Before the Civil War, Mississippi was the fifth-wealthiest state in the nation, its wealth generated by the labor of slaves in cotton plantations along the rivers.

Largely due to the domination of the plantation economy, focused on the production of agricultural cotton, the state's elite was reluctant to invest in infrastructure such as roads and railroads. They educated their children privately. Industrialization did not reach many areas until the late 20th century. The planter aristocracy, the elite of antebellum Mississippi, kept the tax structure low for their own benefit, making only private improvements. Before the war the most successful planters, such as Confederate President Jefferson Davis, owned riverside properties along the Mississippi and Yazoo rivers in the Mississippi Delta. Away from the riverfronts, most of the Delta was undeveloped frontier.
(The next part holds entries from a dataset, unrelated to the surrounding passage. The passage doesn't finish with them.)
(* Fix real numbers $a$, $b>0$, $c>0$, and let $P(x,y)=\tfrac12+(x-y)\bigl(c-b(x+y)+axy\bigr)$. Let $\mathcal D=\{(x,y)\in\mathbb R_+^2: 0<P(x,y)<1\}$. Then $\mathcal D$ is a non-convex set that contains the diagonal $\{(x,x):x\ge 0\}$, is symmetric with respect to the reflection $(x,y)\mapsto(y,x)$, is unbounded along the diagonal, and is bounded along every non-diagonal ray in $\mathbb R_+^2$, i.e. for every $(u,v)\in\mathbb R_+^2$ with $u\neq v$, the set $\{r\ge 0: (ru,rv)\in\mathcal D\}$ is bounded.
   Context: $\mathbb R_+=[0,\infty)$. *)

theory Defs
  imports "HOL-Analysis.Analysis"
begin

definition Ppoly :: "real \<Rightarrow> real \<Rightarrow> real \<Rightarrow> real \<Rightarrow> real \<Rightarrow> real" where
  "Ppoly a b c x y = 1/2 + (x - y) * (c - b * (x + y) + a * x * y)"

definition Dset :: "real \<Rightarrow> real \<Rightarrow> real \<Rightarrow> (real \<times> real) set" where
  "Dset a b c = {(x, y). 0 \<le> x \<and> 0 \<le> y \<and> 0 < Ppoly a b c x y \<and> Ppoly a b c x y < 1}"

end

theory Submission
  imports Defs "HOL-Computational_Algebra.Polynomial"
begin

text \<open>
  The identities \<open>P(y,x) = 1 - P(x,y)\<close> and \<open>P(x,x) = 1/2\<close> give the symmetry and the
  diagonal. Membership in \<open>\<D>\<close> forces \<open>\<bar>P\<bar> < 1\<close>, whereas a nonconstant real polynomial
  has modulus at most 1 only on a bounded set. On the ray through \<open>(u,v)\<close>, \<open>u \<noteq> v\<close>,
  \<open>P\<close> is a polynomial in \<open>r\<close> with \<open>r\<^sup>2\<close>-coefficient \<open>-b(u-v)(u+v) \<noteq> 0\<close>. At the midpoint
  of \<open>(c/b, 0) \<in> \<D>\<close> and \<open>(m,m) \<in> \<D>\<close>, \<open>P\<close> is a polynomial in \<open>m\<close> of degree 2 if
  \<open>a \<noteq> 0\<close> and with slope \<open>-c/2\<close> if \<open>a = 0\<close>, so for large \<open>m\<close> that midpoint is not in \<open>\<D>\<close>.
\<close>

lemma not_bounded_atLeast: "\<not> bounded {a::real..}"
proof
  assume "bounded {a..}"
  then obtain M where "{a..} \<subseteq> {..M}"
    using bounded_imp_bdd_above by (auto simp: bdd_above_def subset_eq)
  then show False
    by simp
qed

lemma bounded_poly_sublevel:
  fixes p :: "'a::real_normed_field poly"
  assumes "degree p > 0"
  shows "bounded {x. norm (poly p x) \<le> B}"
proof -
  have "\<forall>\<^sub>F x in at_infinity. norm (poly p x) > B"
    using filterlim_at_infinity_imp_norm_at_top[OF filterlim_poly_at_infinity[OF assms]]
    by (simp add: filterlim_at_top_dense)
  then obtain R where "\<And>x. norm x \<ge> R \<Longrightarrow> norm (poly p x) > B"
    by (auto simp: eventually_at_infinity)
  then have "{x. norm (poly p x) \<le> B} \<subseteq> ball 0 R"
    by (force simp: not_le)
  then show ?thesis
    using bounded_ball bounded_subset by blast
qed

lemma Ppoly_swap: "Ppoly a b c y x = 1 - Ppoly a b c x y"
  by (simp add: Ppoly_def algebra_simps)

lemma Ppoly_diagonal: "Ppoly a b c x x = 1/2"
  by (simp add: Ppoly_def)

lemma Dset_swap_iff: "(y, x) \<in> Dset a b c \<longleftrightarrow> (x, y) \<in> Dset a b c"
  using Ppoly_swap[of a b c y x] by (auto simp: Dset_def)

lemma diagonal_subset_Dset: "{(x, x) | x. x \<ge> 0} \<subseteq> Dset a b c"
  by (auto simp: Dset_def Ppoly_diagonal)

lemma abs_Ppoly_less_one_if_in_Dset: "(x, y) \<in> Dset a b c \<Longrightarrow> \<bar>Ppoly a b c x y\<bar> < 1"
  by (auto simp: Dset_def)

lemma Ppoly_ray:
  "Ppoly a b c (r * u) (r * v) =
     poly [:1/2, (u - v) * c, - (u - v) * b * (u + v), (u - v) * a * u * v:] r"
  by (simp add: Ppoly_def algebra_simps power2_eq_square)

lemma bounded_Dset_ray:
  fixes u v :: real
  assumes "b > 0" "u \<ge> 0" "v \<ge> 0" "u \<noteq> v"
  shows "bounded {r. r \<ge> 0 \<and> (r * u, r * v) \<in> Dset a b c}"
proof -
  define p where "p = [:1/2, (u - v) * c, - (u - v) * b * (u + v), (u - v) * a * u * v:]"
  have "coeff p 2 \<noteq> 0"
    using assms by (simp add: p_def numeral_2_eq_2 add_nonneg_eq_0_iff)
  then have "degree p > 0"
    using le_degree[of p 2] by linarith
  moreover have "{r. r \<ge> 0 \<and> (r * u, r * v) \<in> Dset a b c} \<subseteq> {r. norm (poly p r) \<le> 1}"
  proof
    fix r
    assume "r \<in> {r. r \<ge> 0 \<and> (r * u, r * v) \<in> Dset a b c}"
    then have "\<bar>Ppoly a b c (r * u) (r * v)\<bar> < 1"
      by (simp add: abs_Ppoly_less_one_if_in_Dset)
    then show "r \<in> {r. norm (poly p r) \<le> 1}"
      by (simp add: p_def Ppoly_ray)
  qed
  ultimately show ?thesis
    using bounded_poly_sublevel bounded_subset by blast
qed

lemma Ppoly_midpoint:
  assumes "b \<noteq> 0"
  shows "Ppoly a b c ((c/b + m) / 2) (m / 2) =
     poly [:1/2 + c\<^sup>2 / (4*b), c / (2*b) * (a*c / (4*b) - b), a*c / (8*b):] m"
  using assms by (simp add: Ppoly_def field_simps power2_eq_square)

lemma not_convex_Dset:
  assumes "b > 0" "c > 0"
  shows "\<not> convex (Dset a b c)"
proof
  assume convex: "convex (Dset a b c)"
  define q where "q = [:1/2 + c\<^sup>2 / (4*b), c / (2*b) * (a*c / (4*b) - b), a*c / (8*b):]"
  have "coeff q 1 \<noteq> 0 \<or> coeff q 2 \<noteq> 0"
    using assms by (cases "a = 0") (simp_all add: q_def numeral_2_eq_2)
  then have "degree q > 0"
    using le_degree[of q 1] le_degree[of q 2] by linarith
  then have "\<not> {0..} \<subseteq> {m. norm (poly q m) \<le> 1}"
    using bounded_poly_sublevel bounded_subset not_bounded_atLeast by blast
  then obtain m where m: "m \<ge> 0" "\<bar>poly q m\<bar> > 1"
    by (auto simp: subset_eq not_le)
  have left: "(c/b, 0) \<in> Dset a b c"
    using assms by (simp add: Dset_def Ppoly_def)
  have right: "(m, m) \<in> Dset a b c"
    using diagonal_subset_Dset m by blast
  have "(1/2::real) *\<^sub>R (c/b, 0) + (1/2::real) *\<^sub>R (m, m) \<in> Dset a b c"
    using convexD[OF convex left right, of "1/2" "1/2"] by simp
  then have "((c/b + m) / 2, m / 2) \<in> Dset a b c"
    by (simp add: add_divide_distrib mult.commute)
  then have "\<bar>Ppoly a b c ((c/b + m) / 2) (m / 2)\<bar> < 1"
    by (rule abs_Ppoly_less_one_if_in_Dset)
  moreover have "Ppoly a b c ((c/b + m) / 2) (m / 2) = poly q m"
    unfolding q_def using assms by (intro Ppoly_midpoint) simp
  ultimately show False
    using m by simp
qed

theorem mainTheorem2:
  fixes a b c :: real
  assumes "b > 0" and "c > 0"
  shows "\<not> convex (Dset a b c) \<and>
         {(x, x) | x. x \<ge> 0} \<subseteq> Dset a b c \<and>
         (\<forall>x y. (x, y) \<in> Dset a b c \<longleftrightarrow> (y, x) \<in> Dset a b c) \<and>
         \<not> bounded {r::real. r \<ge> 0 \<and> (r, r) \<in> Dset a b c} \<and>
         (\<forall>u v. u \<ge> 0 \<and> v \<ge> 0 \<and> u \<noteq> v \<longrightarrow>
           bounded {r::real. r \<ge> 0 \<and> (r * u, r * v) \<in> Dset a b c})"
proof -
  have "{r. r \<ge> 0 \<and> (r, r) \<in> Dset a b c} = {0..}"
    by (auto simp: Dset_def Ppoly_diagonal)
  then show ?thesis
    using assms not_convex_Dset diagonal_subset_Dset Dset_swap_iff not_bounded_atLeast
      bounded_Dset_ray by auto
qed

end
Blacks cleared land, selling timber and developing bottomland to achieve ownership. In 1900, two-thirds of farm owners in Mississippi were blacks, a major achievement for them and their families. Due to the poor economy, low cotton prices and difficulty of getting credit, many of these farmers could not make it through the extended financial difficulties. Two decades later, the majority of African Americans were sharecroppers. The low prices of cotton into the 1890s meant that more than a generation of African Americans lost the result of their labor when they had to sell their farms to pay off accumulated debts.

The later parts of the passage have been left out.